According to official Docker documentation: “If you use the host network mode for a container, that container’s network stack is not isolated from the Docker host (the container shares the host’s networking namespace), and the container does not get its own IP-address allocated.”
This has implications from a security perspective, as sharing the IP address with the host, together with non-restrictive firewall settings, makes the node (10.0.0.4) reachable from container by default. The node itself contains sensitive cluster information, such as the cluster certificate that allows us to get control over the whole cluster (Figure 7).
Mitigation and security hardening
Mitigating attacks and limiting the attack vectors of bad actors are the foundations of securing IT systems, so encrypting communication and forcing authorization for accessing sensitive content are a must. However, as our research has shown, applications can be poorly configured and default deployments may not be inherently secure by default. Knowing this, users should be especially careful when securing application deployments.
Fortunately, Service Fabric allows us to address some of these issues using appropriate policies, which are defined within the ApplicationManifest file. For instance, setting ServiceFabricRuntimeAcessPolicy with the attribute RemoveServiceFabricRuntimeAccess to ‘true’ removes the /mnt/sfroot/ mount from the deployed application container; this prevents sensitive information that’s stored there from leaking in the event of compromise.
On the other hand, we were unable to use networking policies to limit network access to the node from the container. It is worth mentioning that some of the settings are also not available on Linux hosts, as shown in Figure 8.
We were also unable to set Hyper-V process isolation for containers running on Linux hosts. Our most significant finding, in which we demonstrated how we were able to guess credentials and gain access to the node, may be mitigated by manually configuring public key cryptography access only and generating appropriate key pairs.
Given these facts, we began to explore scenarios with more serious implications, such as container escape. We evaluated the possibility of:
- Exploiting unpatched container engine vulnerabilities (like CVE-2019-5736)
- Exploiting unpatched Service Fabric vulnerabilities (like CVE-2022-30137)
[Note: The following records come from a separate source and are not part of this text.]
(* Let $X$ be a topological space possessing an infinite metrizable gauge, let $\kappa$ be a regular cardinal with $\kappa\in\mathrm{MG}(X)$, let $A$ be a closed subset of $X$, let $G\in\mathcal{G}_\kappa$, let $S$ be a Dedekind complete g-characteristic subset of $G$, and let $h\in\mathrm{Ult}(X;S)$. Define $\Theta\colon X\times X\to S$ by $\Theta(x,y)=\min\{h(x,y),\max\{\varrho_{h,A}(x),\varrho_{h,A}(y)\}\}$. Then: (1) $\Theta$ is an $S$-pseudo-ultrametric on $X$, i.e. $\Theta(x,x)=0$, $\Theta\ge0$, $\Theta(x,y)=\Theta(y,x)$ and $\Theta(x,y)\le\max\{\Theta(x,z),\Theta(z,y)\}$ for all $x,y,z\in X$; (2) $\Theta(x,y)=0$ for all $x,y\in A$; (3) the restriction of $\Theta$ to $(X\setminus A)\times(X\setminus A)$ is an $S$-ultrametric on $X\setminus A$ generating the subspace topology of $X\setminus A$.
   Context: A linearly ordered Abelian group is an Abelian group with a linear order compatible with addition. For $x,y\in G_{>0}$, $x\asymp y$ iff $y\le nx$ and $x\le my$ for some $n,m\in\mathbb{Z}_{\ge1}$; $\mathrm{Arc}(G)=G_{>0}/\asymp$, ordered by $[x]\preceq[y]$ iff ($nx<y$ for all $n$) or $x\asymp y$; $\mathrm{Arc}(G)^\perp$ is $\mathrm{Arc}(G)$ with a new least element adjoined. For a bottomed linearly ordered set $T$ (least element $\perp_T$, $T^*=T\setminus\{\perp_T\}$), $\chi(T)$ is the least cardinal $\kappa>0$ such that some strictly decreasing family $(s_\alpha)_{\alpha<\kappa}$ in $T^*$ has every $t\in T^*$ bounded below by some $s_\alpha$. A $G$-metric: $d\colon X^2\to G$, $d(x,y)=0\iff x=y$, $d\ge0$, symmetric, triangle inequality; $\mathrm{Met}(X;G)$ those generating the topology of $X$ via open balls. $\mathrm{MG}(X)$: cardinals $\kappa$ with some $G$, $\chi(\mathrm{Arc}(G)^\perp)=\kappa$, $\mathrm{Met}(X;G)\ne\emptyset$; infinite metrizable gauge: some $\kappa\in\mathrm{MG}(X)$ with $\kappa\ge\omega_0$. $\mathcal{G}_\kappa$: groups with $\chi(\mathrm{Arc}(G)^\perp)=\kappa$. A subset $S\subseteq G$ is g-characteristic if $S\subseteq G_{\ge 0}$, $0\in S$, and every $s\in G_{>0}$ has some $t\in S\setminus\{0\}$ with $t\le s$; $S$ is Dedekind complete if every non-empty subset of $S$ bounded above in $S$ has a supremum in $S$ (equivalently, every non-empty subset bounded below has an infimum in $S$). An $S$-ultrametric is $d\colon X^2\to S$ with $d(x,y)=0\iff x=y$, symmetric, $d(x,y)\le\max\{d(x,z),d(z,y)\}$; $\mathrm{Ult}(X;S)$ is the set of those generating the topology of $X$ via open balls of radii in $S\setminus\{0\}$. $\varrho_{h,A}(x)=\inf\{h(x,a):a\in A\}$, the infimum taken in $S$. *)

theory Defs
  imports "HOL-Analysis.Analysis"
begin
(* In every optimal schedule for $\mathcal I^{FE}$ (minimizing total flow plus energy), each of the jobs $n+1,\dots,2n+1$ has average speed $s_1=1$ (i.e., processing time equal to its volume).
   Context: Model: jobs with release times and volumes (unit weights) on a processor with allowed speeds $0<s_1<s_2$ and powers $0<P_1<P_2$; a schedule assigns at each time at most one released unfinished job and a speed (preemption allowed), feasible if each job receives its full volume; flow $F=\sum_j(C_j-r_j)$ with $C_j$ the completion time, energy $E=\int P_{S(t)}dt$. Construction: Let $\mathcal I^B$ be a B-IDUA instance (minimize total flow subject to energy $\le B$) with two speeds $s_1=1<s_2$, powers $P_1<P_2$, budget $B$, and jobs $1,\dots,n$ with volumes $v_j$, release times $r_j$ ($\min r_j=0$). Let $V=\sum_{j=1}^nv_j$ and assume $P_1V<B<P_2V/s_2$. Let $\Delta_1=\frac{P_2s_1-P_1s_2}{s_2-s_1}$ and $Y=(B-P_1V)/\Delta_1$. Let $\sigma_1$ be the SRPT (shortest remaining processing time) schedule of $\mathcal I^B$ processing every job at speed $s_1$, $C_{\max}(\sigma_1)$ its makespan and $I(\sigma_1)=C_{\max}(\sigma_1)-V$. The FE-IDUA instance $\mathcal I^{FE}$ has $2n+1$ unit-weight jobs: jobs $1,\dots,n$ identical to those of $\mathcal I^B$; job $n+1$ with volume $I(\sigma_1)+(s_2+1)V+Y$ and release time $0$; jobs $n+2,\dots,2n+1$ with volume $Y+1$ and release time $C_{\max}(\sigma_1)+(s_2+1)V$. Its speeds are $s_1,s_2$ with powers $\tilde P_1=P_1$ and $\tilde P_2=(n+\tfrac32)(s_2-1)+P_1s_2$. *)

theory Defs
  imports "HOL-Analysis.Analysis"
begin

text \<open>A schedule on a single processor is a pair (J, S): J t is the job processed at
time t (None = idle), S t is the speed used at time t (relevant only when J t is not None).\<close>

definition work :: "(real \<Rightarrow> nat option) \<Rightarrow> (real \<Rightarrow> real) \<Rightarrow> nat \<Rightarrow> real \<Rightarrow> real" where
  "work J S j t = (LINT u:{0..t}|lborel. (if J u = Some j then S u else 0))"

definition remaining :: "(nat \<Rightarrow> real) \<Rightarrow> (real \<Rightarrow> nat option) \<Rightarrow> (real \<Rightarrow> real) \<Rightarrow> nat \<Rightarrow> real \<Rightarrow> real" where
  "remaining v J S j t = v j - work J S j t"

definition compl :: "(nat \<Rightarrow> real) \<Rightarrow> (real \<Rightarrow> nat option) \<Rightarrow> (real \<Rightarrow> real) \<Rightarrow> nat \<Rightarrow> real" where
  "compl v J S j = Inf {t. v j \<le> work J S j t}"

definition feasible :: "nat \<Rightarrow> (nat \<Rightarrow> real) \<Rightarrow> (nat \<Rightarrow> real) \<Rightarrow> real \<Rightarrow> real
    \<Rightarrow> (real \<Rightarrow> nat option) \<Rightarrow> (real \<Rightarrow> real) \<Rightarrow> bool" where
  "feasible m v r s1 s2 J S \<longleftrightarrow>
     J \<in> measurable lborel (count_space UNIV) \<and> S \<in> borel_measurable lborel \<and>
     (\<forall>t j. J t = Some j \<longrightarrow>
        j \<in> {1..m} \<and> r j \<le> t \<and> work J S j t < v j \<and> (S t = s1 \<or> S t = s2)) \<and>
     (\<forall>j\<in>{1..m}. \<exists>t. v j \<le> work J S j t)"

definition power :: "real \<Rightarrow> real \<Rightarrow> real \<Rightarrow> (real \<Rightarrow> nat option) \<Rightarrow> (real \<Rightarrow> real) \<Rightarrow> real \<Rightarrow> real" where
  "power s1 P1 P2 J S t = (if J t = None then 0 else if S t = s1 then P1 else P2)"

definition energy :: "real \<Rightarrow> real \<Rightarrow> real \<Rightarrow> (real \<Rightarrow> nat option) \<Rightarrow> (real \<Rightarrow> real) \<Rightarrow> real" where
  "energy s1 P1 P2 J S = (LINT t:{0..}|lborel. power s1 P1 P2 J S t)"

definition flow :: "nat \<Rightarrow> (nat \<Rightarrow> real) \<Rightarrow> (nat \<Rightarrow> real) \<Rightarrow> (real \<Rightarrow> nat option) \<Rightarrow> (real \<Rightarrow> real) \<Rightarrow> real" where
  "flow m v r J S = (\<Sum>j\<in>{1..m}. compl v J S j - r j)"

definition optimal_FE :: "nat \<Rightarrow> (nat \<Rightarrow> real) \<Rightarrow> (nat \<Rightarrow> real) \<Rightarrow> real \<Rightarrow> real \<Rightarrow> real \<Rightarrow> real
    \<Rightarrow> (real \<Rightarrow> nat option) \<Rightarrow> (real \<Rightarrow> real) \<Rightarrow> bool" where
  "optimal_FE m v r s1 s2 P1 P2 J S \<longleftrightarrow>
     feasible m v r s1 s2 J S \<and>
     (\<forall>J' S'. feasible m v r s1 s2 J' S' \<longrightarrow>
        flow m v r J S + energy s1 P1 P2 J S \<le> flow m v r J' S' + energy s1 P1 P2 J' S')"

definition proc_time :: "(real \<Rightarrow> nat option) \<Rightarrow> nat \<Rightarrow> real" where
  "proc_time J j = measure lborel {t. J t = Some j}"

definition avg_speed :: "(nat \<Rightarrow> real) \<Rightarrow> (real \<Rightarrow> nat option) \<Rightarrow> nat \<Rightarrow> real" where
  "avg_speed v J j = v j / proc_time J j"

definition is_SRPT :: "nat \<Rightarrow> (nat \<Rightarrow> real) \<Rightarrow> (nat \<Rightarrow> real) \<Rightarrow> real
    \<Rightarrow> (real \<Rightarrow> nat option) \<Rightarrow> (real \<Rightarrow> real) \<Rightarrow> bool" where
  "is_SRPT n v r s1 J S \<longleftrightarrow>
     feasible n v r s1 s1 J S \<and>
     (\<forall>t j. j \<in> {1..n} \<and> r j \<le> t \<and> work J S j t < v j \<longrightarrow>
        (\<exists>i. J t = Some i \<and> remaining v J S i t \<le> remaining v J S j t))"

definition makespan :: "nat \<Rightarrow> (nat \<Rightarrow> real) \<Rightarrow> (real \<Rightarrow> nat option) \<Rightarrow> (real \<Rightarrow> real) \<Rightarrow> real" where
  "makespan n v J S = Max (compl v J S ` {1..n})"

text \<open>The FE-IDUA instance built from the B-IDUA instance (s1 = 1); Cm = C_max(sigma_1).\<close>
definition Yval :: "nat \<Rightarrow> (nat \<Rightarrow> real) \<Rightarrow> real \<Rightarrow> real \<Rightarrow> real \<Rightarrow> real \<Rightarrow> real" where
  "Yval n v s2 P1 P2 B =
     (let V = (\<Sum>j\<in>{1..n}. v j); \<Delta>1 = (P2 * 1 - P1 * s2) / (s2 - 1) in (B - P1 * V) / \<Delta>1)"

definition FE_vol :: "nat \<Rightarrow> (nat \<Rightarrow> real) \<Rightarrow> real \<Rightarrow> real \<Rightarrow> real \<Rightarrow> real \<Rightarrow> real \<Rightarrow> nat \<Rightarrow> real" where
  "FE_vol n v s2 P1 P2 B Cm j =
     (let V = (\<Sum>i\<in>{1..n}. v i); Y = Yval n v s2 P1 P2 B in
      if j \<le> n then v j
      else if j = n + 1 then (Cm - V) + (s2 + 1) * V + Y
      else Y + 1)"

definition FE_rel :: "nat \<Rightarrow> (nat \<Rightarrow> real) \<Rightarrow> (nat \<Rightarrow> real) \<Rightarrow> real \<Rightarrow> real \<Rightarrow> nat \<Rightarrow> real" where
  "FE_rel n v r s2 Cm j =
     (let V = (\<Sum>i\<in>{1..n}. v i) in
      if j \<le> n then r j
      else if j = n + 1 then 0
      else Cm + (s2 + 1) * V)"

definition FE_P2 :: "nat \<Rightarrow> real \<Rightarrow> real \<Rightarrow> real" where
  "FE_P2 n s2 P1 = (real n + 3/2) * (s2 - 1) + P1 * s2"

end

theory Submission
  imports Defs
begin

text \<open>
  The proof is an exchange argument against a fixed optimal schedule. Three local modifications
  are used: handing the processing of two released jobs to one of them until it completes,
  using idle time to finish a job earlier, and running part of a job's fast processing at
  speed 1 while delaying the rest of the schedule into an idle gap.

  The first two decrease the total flow without increasing the energy (as P1 s2 \<le> P2). So in
  an optimal schedule neither the joint work of two unfinished jobs nor the work of a job plus
  the idle time ever covers its remaining volume; consequently every original job completes
  before the jobs n + 2, ..., 2n + 1 are released. Slowing down fast processing of measure a
  costs d = (s2 - 1) a of extra time, delays only the jobs completing in the shifted window and
  changes the energy by P1 (a + d) - P2 a, so optimality gives P2 \<le> (s2 - 1) K + P1 s2 for the
  number K of delayed jobs. If an added job ran fast on a set of positive measure, the window
  could be chosen with K \<le> n + 1, contradicting P2 = (n + 3/2) (s2 - 1) + P1 s2. Hence the
  added jobs run at speed 1 almost everywhere.
\<close>

section \<open>Time sets and first hitting times\<close>

definition meas_upto :: "real set \<Rightarrow> real \<Rightarrow> real" where
  "meas_upto X t = measure lborel (X \<inter> {0..t})"

lemma fmeasurable_Icc: "{a..b::real} \<in> fmeasurable lborel"
  using fmeasurable_cbox[of a b] by (simp only: cbox_interval)

lemma fmeasurable_subset_Icc:
  "X \<in> sets lborel \<Longrightarrow> X \<subseteq> {a..b::real} \<Longrightarrow> X \<in> fmeasurable lborel"
  using fmeasurableI2[OF fmeasurable_Icc[of a b]] by blast

lemma fmeasurable_Int_Icc: "X \<in> sets lborel \<Longrightarrow> X \<inter> {a..b::real} \<in> fmeasurable lborel"
  by (rule fmeasurable_subset_Icc[of _ a b]) auto

lemma measure_Un_disjoint:
  "A \<in> fmeasurable M \<Longrightarrow> B \<in> fmeasurable M \<Longrightarrow> A \<inter> B = {} \<Longrightarrow>
    measure M (A \<union> B) = measure M A + measure M B"
  using measure_Un3[of A M B] by simp

lemma measure_Int_Ioc_le:
  "X \<in> sets lborel \<Longrightarrow> s \<le> t \<Longrightarrow> measure lborel (X \<inter> {s<..t}) \<le> t - s"
proof -
  assume "X \<in> sets lborel" "s \<le> t"
  then have "measure lborel (X \<inter> {s<..t}) \<le> measure lborel {s..t}"
    by (intro measure_mono_fmeasurable) (auto simp: fmeasurable_Icc)
  with \<open>s \<le> t\<close> show ?thesis by simp
qed

lemma measure_translate:
  assumes "Y \<in> sets lborel"
  shows "measure lborel {x::real. x - d \<in> Y} = measure lborel Y"
proof -
  have "((+) (-d)) \<in> measurable lborel (borel :: real measure)" by simp
  then have "measure (distr lborel borel ((+) (-d))) Y = measure lborel (((+) (-d)) -` Y \<inter> space lborel)"
    by (rule measure_distr) (use assms in simp)
  moreover have "((+) (-d)) -` Y \<inter> space lborel = {x. x - d \<in> Y}" by auto
  ultimately show ?thesis using lborel_distr_plus[of "-d"] by simp
qed

lemma sets_lborel_translate: "Y \<in> sets lborel \<Longrightarrow> {x::real. x - d \<in> Y} \<in> sets lborel"
  using measurable_sets[of "\<lambda>x::real. x - d" borel borel Y] by (simp add: vimage_def)

lemma meas_upto_empty [simp]: "meas_upto {} t = 0"
  by (simp add: meas_upto_def)

lemma meas_upto_nonneg: "0 \<le> meas_upto X t"
  by (simp add: meas_upto_def)

lemma meas_upto_nonpos: "t \<le> 0 \<Longrightarrow> meas_upto X t = 0"
  by (cases "t = 0"; cases "0 \<in> X") (auto simp: meas_upto_def)

lemma meas_upto_eq_measure: "X \<subseteq> {0..t} \<Longrightarrow> meas_upto X t = measure lborel X"
  by (simp add: meas_upto_def Int_absorb2)

lemma meas_upto_subset_atLeast: "X \<subseteq> {p..} \<Longrightarrow> t \<le> p \<Longrightarrow> meas_upto X t = 0"
proof -
  assume "X \<subseteq> {p..}" "t \<le> p"
  then have "X \<inter> {0..t} \<subseteq> {t}" by auto
  then show ?thesis by (auto dest: subset_singletonD simp: meas_upto_def)
qed

lemma meas_upto_split:
  assumes X: "X \<in> sets lborel" and "0 \<le> s" "s \<le> t"
  shows "meas_upto X t = meas_upto X s + measure lborel (X \<inter> {s<..t})"
proof -
  have "X \<inter> {0..t} = (X \<inter> {0..s}) \<union> (X \<inter> {s<..t})" using assms by auto
  moreover have "X \<inter> {s<..t} \<in> fmeasurable lborel"
    by (rule fmeasurable_subset_Icc[of _ s t]) (use X in auto)
  moreover have "X \<inter> {0..s} \<inter> (X \<inter> {s<..t}) = {}" by auto
  ultimately show ?thesis
    using measure_Un_disjoint[OF fmeasurable_Int_Icc[OF X, of 0 s], of "X \<inter> {s<..t}"]
    by (simp add: meas_upto_def)
qed

lemma meas_upto_mono: "X \<in> sets lborel \<Longrightarrow> s \<le> t \<Longrightarrow> meas_upto X s \<le> meas_upto X t"
  using meas_upto_split[of X s t] meas_upto_nonpos[of s X] meas_upto_nonneg[of X t]
  by (cases "0 \<le> s") auto

lemma meas_upto_increment_le:
  assumes X: "X \<in> sets lborel" and st: "s \<le> t"
  shows "meas_upto X t - meas_upto X s \<le> t - s"
proof (cases "0 \<le> s")
  case True
  then show ?thesis using meas_upto_split[OF X True st] measure_Int_Ioc_le[OF X st] by simp
next
  case False
  then have "meas_upto X s = 0" by (simp add: meas_upto_nonpos)
  moreover have "meas_upto X t \<le> max 0 t"
  proof (cases "0 \<le> t")
    case True
    then show ?thesis
      using meas_upto_split[OF X order_refl True] measure_Int_Ioc_le[OF X True]
        meas_upto_nonpos[of 0 X] by simp
  qed (simp add: meas_upto_nonpos)
  ultimately show ?thesis using False st by simp
qed

lemma continuous_on_meas_upto: "X \<in> sets lborel \<Longrightarrow> continuous_on A (meas_upto X)"
proof -
  assume X: "X \<in> sets lborel"
  have "\<bar>meas_upto X t - meas_upto X s\<bar> \<le> \<bar>t - s\<bar>" for s t
    using meas_upto_increment_le[OF X, of s t] meas_upto_increment_le[OF X, of t s]
      meas_upto_mono[OF X, of s t] meas_upto_mono[OF X, of t s]
    by (cases "s \<le> t") auto
  then have "1-lipschitz_on A (meas_upto X)"
    by (intro lipschitz_onI) (auto simp: dist_real_def)
  then show ?thesis by (rule lipschitz_on_continuous_on)
qed
(* Let $f\colon\mathbb{Z}_p^r\to\mathbb{Z}_p$ be a continuous function. Suppose that for every $z\in\mathbb{Z}_p$ there exist $\overline{x},\overline{y}\in\mathbb{Z}_p^r$ with $f(\overline{y})\neq 0$ and $f(\overline{x})/f(\overline{y})=z$. Then $R(f)$ is dense in $\mathbb{Q}_p$.
   Context: For a function $f$ on $\mathbb{Z}_p^r$, $R(f)=\{f(\overline{x})/f(\overline{y}) : \overline{x},\overline{y}\in\mathbb{Z}^r,\ f(\overline{y})\neq 0\}$; density is in the $p$-adic topology. *)

theory Defs
  imports Complex_Main "HOL-Computational_Algebra.Primes"
begin

text \<open>p-adic integers, realised as the inverse limit of the rings Z/p^n Z:
  a p-adic integer is a coherent sequence of residues a n in [0, p^n) with
  a (n+1) mod p^n = a n.\<close>

type_synonym padic = "nat \<Rightarrow> int"

definition Zp :: "int \<Rightarrow> padic set" where
  "Zp p = {a. (\<forall>n. 0 \<le> a n \<and> a n < p ^ n) \<and> (\<forall>n. a (Suc n) mod p ^ n = a n)}"

definition padic_zero :: "padic" where
  "padic_zero = (\<lambda>n. 0)"

definition padic_of_int :: "int \<Rightarrow> int \<Rightarrow> padic" where
  "padic_of_int p k = (\<lambda>n. k mod p ^ n)"

definition padic_add :: "int \<Rightarrow> padic \<Rightarrow> padic \<Rightarrow> padic" where
  "padic_add p a b = (\<lambda>n. (a n + b n) mod p ^ n)"

definition padic_sub :: "int \<Rightarrow> padic \<Rightarrow> padic \<Rightarrow> padic" where
  "padic_sub p a b = (\<lambda>n. (a n - b n) mod p ^ n)"

definition padic_mult :: "int \<Rightarrow> padic \<Rightarrow> padic \<Rightarrow> padic" where
  "padic_mult p a b = (\<lambda>n. (a n * b n) mod p ^ n)"

definition padic_val :: "padic \<Rightarrow> nat" where
  "padic_val a = (LEAST n. a (Suc n) \<noteq> 0)"

definition padic_norm :: "int \<Rightarrow> padic \<Rightarrow> real" where
  "padic_norm p a = (if a = padic_zero then 0 else real_of_int p powr (- real (padic_val a)))"

definition Zp_pow :: "int \<Rightarrow> nat \<Rightarrow> padic list set" where
  "Zp_pow p r = {xs. length xs = r \<and> set xs \<subseteq> Zp p}"

definition int_point :: "int \<Rightarrow> int list \<Rightarrow> padic list" where
  "int_point p xs = map (padic_of_int p) xs"

definition padic_continuous :: "int \<Rightarrow> nat \<Rightarrow> (padic list \<Rightarrow> padic) \<Rightarrow> bool" where
  "padic_continuous p r f \<longleftrightarrow>
     (\<forall>x \<in> Zp_pow p r. \<forall>e > 0. \<exists>d > 0. \<forall>y \<in> Zp_pow p r.
        (\<forall>i < r. padic_norm p (padic_sub p (y ! i) (x ! i)) < d) \<longrightarrow>
        padic_norm p (padic_sub p (f y) (f x)) < e)"

text \<open>Q_p is the fraction field of Z_p: an element is a fraction a/b with a, b in Z_p, b \<noteq> 0.
  Two fractions are equal iff a*d = c*b, and |a/b - c/d|_p = |a d - c b|_p / (|b|_p |d|_p).\<close>

definition Qp_frac :: "int \<Rightarrow> (padic \<times> padic) set" where
  "Qp_frac p = {(a, b). a \<in> Zp p \<and> b \<in> Zp p \<and> b \<noteq> padic_zero}"

definition frac_eq :: "int \<Rightarrow> padic \<times> padic \<Rightarrow> padic \<times> padic \<Rightarrow> bool" where
  "frac_eq p q s \<longleftrightarrow> padic_mult p (fst q) (snd s) = padic_mult p (fst s) (snd q)"

definition frac_dist :: "int \<Rightarrow> padic \<times> padic \<Rightarrow> padic \<times> padic \<Rightarrow> real" where
  "frac_dist p q s =
     padic_norm p (padic_sub p (padic_mult p (fst q) (snd s)) (padic_mult p (fst s) (snd q)))
     / (padic_norm p (snd q) * padic_norm p (snd s))"

definition R_set :: "int \<Rightarrow> nat \<Rightarrow> (padic list \<Rightarrow> padic) \<Rightarrow> (padic \<times> padic) set" where
  "R_set p r f = {(f (int_point p xs), f (int_point p ys)) | xs ys.
                   length xs = r \<and> length ys = r \<and> f (int_point p ys) \<noteq> padic_zero}"

definition dense_in_Qp :: "int \<Rightarrow> (padic \<times> padic) set \<Rightarrow> bool" where
  "dense_in_Qp p S \<longleftrightarrow> (\<forall>q \<in> Qp_frac p. \<forall>e > 0. \<exists>s \<in> S. frac_dist p s q < e)"

end

theory Submission
  imports Defs "HOL-Number_Theory.Cong"
begin

text \<open>Every element of Q_p is z or 1/z with z in Z_p, so the hypothesis makes every
  a/b in Q_p an exact ratio f(x)/f(y) with x, y in Z_p^r. Since Z^r is dense in Z_p^r and
  f is continuous, x and y can be replaced by integer points at which f agrees with f(x)
  and f(y) modulo p^L; once L exceeds the valuation of f(y), the ratio moves by at most
  p^-L / (|f(y)|_p |b|_p).\<close>

lemma Zp_mod_power:
  assumes "a \<in> Zp p" "k \<le> n"
  shows "a n mod p ^ k = a k"
  using assms(2)
proof (induction n rule: dec_induct)
  case base
  then show ?case using assms(1) by (simp add: Zp_def)
next
  case (step n)
  have "a (Suc n) mod p ^ k = (a (Suc n) mod p ^ n) mod p ^ k"
    using step(1) by (simp add: mod_mod_cancel le_imp_power_dvd)
  also have "\<dots> = a k"
    using assms(1) step(3) by (simp add: Zp_def)
  finally show ?case .
qed

lemma Zp_cong: "a \<in> Zp p \<Longrightarrow> k \<le> n \<Longrightarrow> [a n = a k] (mod p ^ k)"
  unfolding cong_def using Zp_mod_power[of a p k n] Zp_mod_power[of a p k k] by simp

lemma Zp_dvd_iff: "a \<in> Zp p \<Longrightarrow> k \<le> n \<Longrightarrow> p ^ k dvd a n \<longleftrightarrow> a k = 0"
  using Zp_mod_power[of a p k n] by (simp add: mod_eq_0_iff_dvd[symmetric])

lemma Zp_eq_below: "a \<in> Zp p \<Longrightarrow> b \<in> Zp p \<Longrightarrow> a n = b n \<Longrightarrow> k \<le> n \<Longrightarrow> a k = b k"
  using Zp_mod_power[of a p k n] Zp_mod_power[of b p k n] by simp

lemma Zp_zero_at_0: "a \<in> Zp p \<Longrightarrow> a 0 = 0"
  using Zp_mod_power[of a p 0 0] by simp

lemma Zp_eq_0_iff_le_val:
  assumes c: "c \<in> Zp p" "c \<noteq> padic_zero"
  shows "c k = 0 \<longleftrightarrow> k \<le> padic_val c"
proof -
  have "\<exists>m. c (Suc m) \<noteq> 0"
    using c Zp_zero_at_0[OF c(1)] by (metis not0_implies_Suc padic_zero_def ext)
  then have nonzero: "c (Suc (padic_val c)) \<noteq> 0"
    unfolding padic_val_def by (rule LeastI_ex)
  have below: "m < padic_val c \<Longrightarrow> c (Suc m) = 0" for m
    unfolding padic_val_def using not_less_Least by blast
  show ?thesis
  proof
    assume "c k = 0"
    then show "k \<le> padic_val c"
      using nonzero Zp_mod_power[OF c(1), of "Suc (padic_val c)" k] by (cases "Suc (padic_val c) \<le> k") auto
  next
    assume "k \<le> padic_val c"
    then show "c k = 0"
      using below Zp_zero_at_0[OF c(1)] by (cases k) auto
  qed
qed

lemma Zp_val_split:
  assumes "c \<in> Zp p" "c \<noteq> padic_zero" "padic_val c < n"
  obtains w where "c n = p ^ padic_val c * w" "\<not> p dvd w"
proof -
  have "p ^ padic_val c dvd c n"
    using assms by (simp add: Zp_dvd_iff Zp_eq_0_iff_le_val)
  moreover have "\<not> p ^ Suc (padic_val c) dvd c n"
    using assms Zp_dvd_iff[of c p "Suc (padic_val c)" n] by (simp add: Zp_eq_0_iff_le_val)
  ultimately show ?thesis
    using that by (auto simp: power_Suc2 elim!: dvdE)
qed

lemma Zp_val_factor:
  assumes "prime p" "c \<in> Zp p" "c \<noteq> padic_zero"
  obtains w where "c (n + padic_val c) = p ^ padic_val c * w" "coprime w (p ^ n)"
proof (cases n)
  case 0
  then show ?thesis
    using that[of 0] assms by (simp add: Zp_eq_0_iff_le_val)
next
  case (Suc m)
  then obtain w where "c (n + padic_val c) = p ^ padic_val c * w" "\<not> p dvd w"
    using Zp_val_split[OF assms(2,3), of "n + padic_val c"] Suc by auto
  then show ?thesis
    using that assms(1) Suc by (simp add: prime_imp_coprime coprime_commute)
qed

lemma padic_of_int_in_Zp: "p > 0 \<Longrightarrow> padic_of_int p k \<in> Zp p"
  by (simp add: Zp_def padic_of_int_def mod_mod_cancel)

lemma padic_sub_in_Zp:
  assumes "p > 0" "a \<in> Zp p" "b \<in> Zp p"
  shows "padic_sub p a b \<in> Zp p"
proof -
  have "(a (Suc n) - b (Suc n)) mod p ^ Suc n mod p ^ n = (a n - b n) mod p ^ n" for n
  proof -
    have "(a (Suc n) - b (Suc n)) mod p ^ Suc n mod p ^ n
        = (a (Suc n) mod p ^ n - b (Suc n) mod p ^ n) mod p ^ n"
      by (simp add: mod_mod_cancel mod_diff_eq)
    then show ?thesis
      using assms(2,3) by (simp add: Zp_def)
  qed
  then show ?thesis
    using assms(1) by (simp add: Zp_def padic_sub_def)
qed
- Exploiting isolation vulnerabilities, like:
- Kernel vulnerabilities, in case of process isolation
- Hypervisor vulnerabilities, in case of virtualization
- Exploiting a misconfiguration or a design flaw
As most of our options seemed unlikely, and given the previous access to the node, we switched our focus to analysis of the node. This led to our discovery of CVE-2023-21531, allowing us to gain cluster access from a container.
Conclusion
Users should realize that their usage of cloud services doesn’t delegate security fully to their cloud service provider (CSP): Depending on the service, some configuration is necessary on the user’s end, leaving room for misconfigurations and unprotected deployments. Security comes with a price that doesn’t end with paying for CSPs; it also calls for a proactive security mindset and enforcing security practices, such as:
- Follow the CSP’s recommendations for securing environments and projects
- Follow the principle of least privilege for containers and applications
- Configuring based on the Assume Preach paradigm to minimize the impact of potential breach
Following best practices that are specific to Service Fabric and container registries will help mitigate any emerging security issues. However, some applications might not be designed with Zero Trust policies in mind, so additional manual configuration and security hardening from the user may be required.